(* Let $H$ be a graph with at least one edge, and let $m \leq e(H)$ be a positive integer. Then there exists a spanning subgraph $H' \subseteq H$ with exactly $m$ edges satisfying: (S1) $\Delta(H') - \delta(H') \leq \Delta(H) - \delta(H) + 2$; (S2) $\Delta(H \setminus H') \leq (\Delta(H) + 1)\frac{e(H) - m}{e(H)} + 1$.
   Context: $e(H)$ is the number of edges, $\Delta(\cdot)$ and $\delta(\cdot)$ denote maximum and minimum degree. A spanning subgraph has the same vertex set as $H$. $H\setminus H'$ denotes the spanning subgraph of $H$ with edge set $E(H)\setminus E(H')$. *)

theory Defs
  imports Main Complex_Main
begin

text \<open>A finite simple graph is given by a finite vertex set V and an edge set E
of 2-element subsets of V. A spanning subgraph has the same vertex set V and an
edge set E' \<subseteq> E.\<close>

definition graph :: "'a set \<Rightarrow> 'a set set \<Rightarrow> bool" where
  "graph V E \<longleftrightarrow> finite V \<and> (\<forall>e\<in>E. e \<subseteq> V \<and> card e = 2)"

definition degree :: "'a set set \<Rightarrow> 'a \<Rightarrow> nat" where
  "degree E v = card {e \<in> E. v \<in> e}"

definition max_degree :: "'a set \<Rightarrow> 'a set set \<Rightarrow> nat" where
  "max_degree V E = Max (degree E ` V)"

definition min_degree :: "'a set \<Rightarrow> 'a set set \<Rightarrow> nat" where
  "min_degree V E = Min (degree E ` V)"

end

theory Submission
  imports Defs
begin

text \<open>By Vizing's theorem H has a proper edge colouring with \<Delta>(H) + 1 colours. Delete
  e(H) - m edges: whole colour classes J, chosen so that their mean size is at least
  e(H) / (\<Delta>(H) + 1), together with part of one further class. Every vertex meets at most one
  edge of each class, so the deleted graph has maximum degree at most |J| + 1, which is at
  most (\<Delta>(H) + 1)(e(H) - m) / e(H) + 1; and in H' every vertex keeps at most
  \<Delta>(H) + 1 - |J| colours and loses at most |J| + 1 edges, which gives (S1).
  Vizing's theorem is proved by the classical fan and Kempe chain recolouring.\<close>

section \<open>Degrees\<close>

lemma degree_mono:
  assumes "F \<subseteq> G" "finite G"
  shows "degree F v \<le> degree G v"
  unfolding degree_def using assms by (intro card_mono) auto

lemma degree_Diff:
  assumes "R \<subseteq> E" "finite E"
  shows "degree E v = degree (E - R) v + degree R v"
proof -
  have "{e\<in>E. v \<in> e} = {e\<in>E - R. v \<in> e} \<union> {e\<in>R. v \<in> e}" using assms(1) by blast
  moreover have "finite R" using assms by (rule finite_subset)
  then have "finite {e\<in>R. v \<in> e}" "finite {e\<in>E - R. v \<in> e}" using assms(2) by simp_all
  moreover have "{e\<in>E - R. v \<in> e} \<inter> {e\<in>R. v \<in> e} = {}" by blast
  ultimately show ?thesis unfolding degree_def by (simp add: card_Un_disjoint)
qed

lemma degree_Un_le: "degree (A \<union> B) v \<le> degree A v + degree B v"
proof -
  have "{e\<in>A \<union> B. v \<in> e} = {e\<in>A. v \<in> e} \<union> {e\<in>B. v \<in> e}" by blast
  then show ?thesis unfolding degree_def by (simp add: card_Un_le)
qed

lemma graph_finite_edges:
  assumes "graph V E"
  shows "finite E"
proof -
  have "E \<subseteq> Pow V" using assms unfolding graph_def by auto
  then show ?thesis using assms finite_subset unfolding graph_def by blast
qed

lemma degree_le_max_degree:
  assumes "graph V E"
  shows "degree E v \<le> max_degree V E"
proof (cases "v \<in> V")
  case True
  then show ?thesis using assms unfolding max_degree_def graph_def by simp
next
  case False
  then have "{e\<in>E. v \<in> e} = {}" using assms unfolding graph_def by auto
  then have "degree E v = 0" unfolding degree_def by (simp only: card.empty)
  then show ?thesis by simp
qed

lemma max_degree_le:
  assumes "finite V" "V \<noteq> {}" "\<And>v. v \<in> V \<Longrightarrow> degree F v \<le> b"
  shows "max_degree V F \<le> b"
  using assms unfolding max_degree_def by simp

lemma le_min_degree:
  assumes "finite V" "V \<noteq> {}" "\<And>v. v \<in> V \<Longrightarrow> b \<le> degree F v"
  shows "b \<le> min_degree V F"
  using assms unfolding min_degree_def by simp

lemma min_degree_le:
  assumes "finite V" "v \<in> V"
  shows "min_degree V F \<le> degree F v"
  using assms unfolding min_degree_def by simp

lemma min_degree_Diff_ge:
  assumes "finite V" "V \<noteq> {}" "R \<subseteq> E" "finite E" "\<And>v. degree R v \<le> d"
  shows "min_degree V E - d \<le> min_degree V (E - R)"
proof (rule le_min_degree[OF assms(1,2)])
  fix v assume "v \<in> V"
  then have "min_degree V E \<le> degree E v" by (rule min_degree_le[OF assms(1)])
  then show "min_degree V E - d \<le> degree (E - R) v"
    using degree_Diff[OF assms(3,4), of v] assms(5)[of v] by linarith
qed

section \<open>Edge colourings\<close>

definition edge_coloring :: "'a set set \<Rightarrow> ('a set \<Rightarrow> nat) \<Rightarrow> nat \<Rightarrow> bool" where
  "edge_coloring F col c \<longleftrightarrow> (\<forall>e\<in>F. col e < c) \<and>
     (\<forall>e\<in>F. \<forall>f\<in>F. e \<noteq> f \<longrightarrow> e \<inter> f \<noteq> {} \<longrightarrow> col e \<noteq> col f)"

definition free_color :: "'a set set \<Rightarrow> ('a set \<Rightarrow> nat) \<Rightarrow> 'a \<Rightarrow> nat \<Rightarrow> bool" where
  "free_color F col v a \<longleftrightarrow> (\<forall>e\<in>F. v \<in> e \<longrightarrow> col e \<noteq> a)"

lemma edge_coloring_eq:
  assumes "edge_coloring F col c" "e \<in> F" "f \<in> F" "v \<in> e" "v \<in> f" "col e = col f"
  shows "e = f"
  using assms unfolding edge_coloring_def by blast

lemma degree_le_card_colors:
  assumes "edge_coloring E col c" "A \<subseteq> E" "finite K" "\<forall>e\<in>A. v \<in> e \<longrightarrow> col e \<in> K"
  shows "degree A v \<le> card K"
proof -
  have "inj_on col {e\<in>A. v \<in> e}"
    using assms(1,2) unfolding edge_coloring_def inj_on_def by blast
  then show ?thesis
    unfolding degree_def using assms(3,4) by (intro card_inj_on_le) auto
qed

lemma free_color_exists:
  assumes "finite F" "degree F v < c"
  shows "\<exists>a<c. free_color F col v a"
proof (rule ccontr)
  assume "\<not> ?thesis"
  then have "{0..<c} \<subseteq> col ` {e\<in>F. v \<in> e}" unfolding free_color_def by auto
  then have "card {0..<c} \<le> card (col ` {e\<in>F. v \<in> e})"
    using assms(1) by (intro card_mono) auto
  also have "\<dots> \<le> degree F v"
    unfolding degree_def using assms(1) by (intro card_image_le) simp
  finally show False using assms(2) by simp
qed

lemma edge_with_color_at:
  assumes "\<forall>e\<in>F. card e = 2" "\<not> free_color F col x a"
  shows "\<exists>z. {x, z} \<in> F \<and> col {x, z} = a"
proof -
  obtain e where e: "e \<in> F" "x \<in> e" "col e = a" using assms(2) unfolding free_color_def by blast
  obtain u w where "e = {u, w}" using assms(1) e(1) card_2_iff by metis
  then have "e = {x, if x = u then w else u}" using e(2) by auto
  then show ?thesis using e(1,3) by metis
qed

section \<open>Components\<close>

definition adj :: "'a set set \<Rightarrow> ('a \<times> 'a) set" where
  "adj H = {(u, w). {u, w} \<in> H}"

definition component :: "'a set set \<Rightarrow> 'a \<Rightarrow> 'a set" where
  "component H u = {v. (u, v) \<in> (adj H)\<^sup>*}"

lemma component_refl: "u \<in> component H u"
  unfolding component_def by simp

lemma component_sym:
  assumes "v \<in> component H u"
  shows "u \<in> component H v"
proof -
  have "sym (adj H)" unfolding adj_def sym_def by (auto simp: insert_commute)
  then show ?thesis using assms sym_rtrancl unfolding component_def sym_def by blast
qed

lemma component_trans: "v \<in> component H u \<Longrightarrow> w \<in> component H v \<Longrightarrow> w \<in> component H u"
  unfolding component_def by (auto intro: rtrancl_trans)

lemma component_closed:
  assumes "\<forall>e\<in>H. card e = 2" "e \<in> H" "v \<in> e" "v \<in> component H u"
  shows "e \<subseteq> component H u"
proof -
  obtain x y where e: "e = {x, y}" using assms(1,2) card_2_iff by metis
  then have "(x, y) \<in> adj H" "(y, x) \<in> adj H" using assms(2) by (auto simp: adj_def insert_commute)
  then show ?thesis using assms(3,4) e unfolding component_def by (auto intro: rtrancl_into_rtrancl)
qed

lemma finite_Union_card_2:
  assumes "finite H" "\<forall>e\<in>H. card e = 2"
  shows "finite (\<Union>H)"
  using assms by (metis card.infinite finite_Union zero_neq_numeral)

lemma finite_component:
  assumes "finite H" "\<forall>e\<in>H. card e = 2"
  shows "finite (component H u)"
proof -
  have "component H u \<subseteq> insert u (\<Union>H)"
  proof
    fix v assume "v \<in> component H u"
    then have "(u, v) \<in> (adj H)\<^sup>*" unfolding component_def by simp
    then show "v \<in> insert u (\<Union>H)" by (cases rule: rtranclE) (auto simp: adj_def)
  qed
  then show ?thesis using finite_Union_card_2[OF assms] finite_subset by blast
qed

text \<open>Joining every vertex v \<noteq> u of the component to a neighbour strictly closer to u
  gives pairwise distinct edges inside the component.\<close>

lemma card_component_le:
  assumes "finite H" "\<forall>e\<in>H. card e = 2"
  shows "card (component H u) \<le> card {e\<in>H. e \<subseteq> component H u} + 1"
proof -
  let ?P = "component H u"
  define dist where "dist v = (LEAST n. (u, v) \<in> adj H ^^ n)" for v
  have parent: "\<exists>w. w \<in> ?P \<and> {w, v} \<in> H \<and> dist w < dist v" if "v \<in> ?P - {u}" for v
  proof -
    have "\<exists>n. (u, v) \<in> adj H ^^ n" using that rtrancl_power unfolding component_def by blast
    then have d: "(u, v) \<in> adj H ^^ dist v" unfolding dist_def by (rule LeastI_ex)
    have "dist v \<noteq> 0" using d that by (cases "dist v") auto
    then obtain n where n: "dist v = Suc n" using not0_implies_Suc by blast
    then obtain w where w: "(u, w) \<in> adj H ^^ n" "(w, v) \<in> adj H" using d by (metis relpow_Suc_E)
    have "dist w \<le> n" unfolding dist_def using w(1) by (rule Least_le)
    moreover have "w \<in> ?P" using w(1) unfolding component_def rtrancl_power by blast
    moreover have "{w, v} \<in> H" using w(2) unfolding adj_def by simp
    ultimately show ?thesis using n by auto
  qed
  then have "\<forall>v\<in>?P - {u}. \<exists>w. w \<in> ?P \<and> {w, v} \<in> H \<and> dist w < dist v" by blast
  from bchoice[OF this] obtain par
    where par: "\<forall>v\<in>?P - {u}. par v \<in> ?P \<and> {par v, v} \<in> H \<and> dist (par v) < dist v"
    by blast
  have "inj_on (\<lambda>v. {par v, v}) (?P - {u})"
  proof (rule inj_onI)
    fix v w assume vw: "v \<in> ?P - {u}" "w \<in> ?P - {u}" "{par v, v} = {par w, w}"
    show "v = w"
    proof (rule ccontr)
      assume "v \<noteq> w"
      then have "par v = w" "par w = v" using vw(3) by (auto simp: doubleton_eq_iff)
      moreover have "dist (par v) < dist v" "dist (par w) < dist w" using par vw(1,2) by auto
      ultimately show False by simp
    qed
  qed
  moreover have "(\<lambda>v. {par v, v}) ` (?P - {u}) \<subseteq> {e\<in>H. e \<subseteq> ?P}" using par by auto
  ultimately have "card (?P - {u}) \<le> card {e\<in>H. e \<subseteq> ?P}"
    using assms(1) by (intro card_inj_on_le) auto
  moreover have "card ?P = Suc (card (?P - {u}))"
    using card.remove[OF finite_component[OF assms] component_refl] .
  ultimately show ?thesis by simp
qed

lemma sum_degree_closed:
  assumes "finite H" "\<forall>e\<in>H. card e = 2" "finite P"
    and closed: "\<And>e v. e \<in> H \<Longrightarrow> v \<in> e \<Longrightarrow> v \<in> P \<Longrightarrow> e \<subseteq> P"
  shows "(\<Sum>v\<in>P. degree H v) = 2 * card {e\<in>H. e \<subseteq> P}"
proof -
  let ?HP = "{e\<in>H. e \<subseteq> P}"
  have "(\<Sum>v\<in>P. degree H v) = (\<Sum>v\<in>P. \<Sum>e\<in>?HP. if v \<in> e then 1 else 0)"
  proof (rule sum.cong [OF refl])
    fix v assume "v \<in> P"
    then have "{e\<in>H. v \<in> e} = {e\<in>?HP. v \<in> e}" using closed by blast
    then show "degree H v = (\<Sum>e\<in>?HP. if v \<in> e then 1 else 0)"
      unfolding degree_def using sum.inter_filter[of ?HP "\<lambda>_. 1::nat" "\<lambda>e. v \<in> e"] assms(1)
      by simp
  qed
  also have "\<dots> = (\<Sum>e\<in>?HP. \<Sum>v\<in>P. if v \<in> e then 1 else 0)"
    by (rule sum.swap)
  also have "\<dots> = (\<Sum>e\<in>?HP. 2)"
  proof (rule sum.cong [OF refl])
    fix e assume e: "e \<in> ?HP"
    then have "{v\<in>P. v \<in> e} = e" by blast
    then show "(\<Sum>v\<in>P. if v \<in> e then 1 else 0) = (2::nat)"
      using e assms(2) sum.inter_filter[OF assms(3), of "\<lambda>_. 1::nat" "\<lambda>v. v \<in> e"] by simp
  qed
  finally show ?thesis by simp
qed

Try it: Tally the lines of the material in which the string "finally" appears. Give the tally and nothing else.

Task answer: 2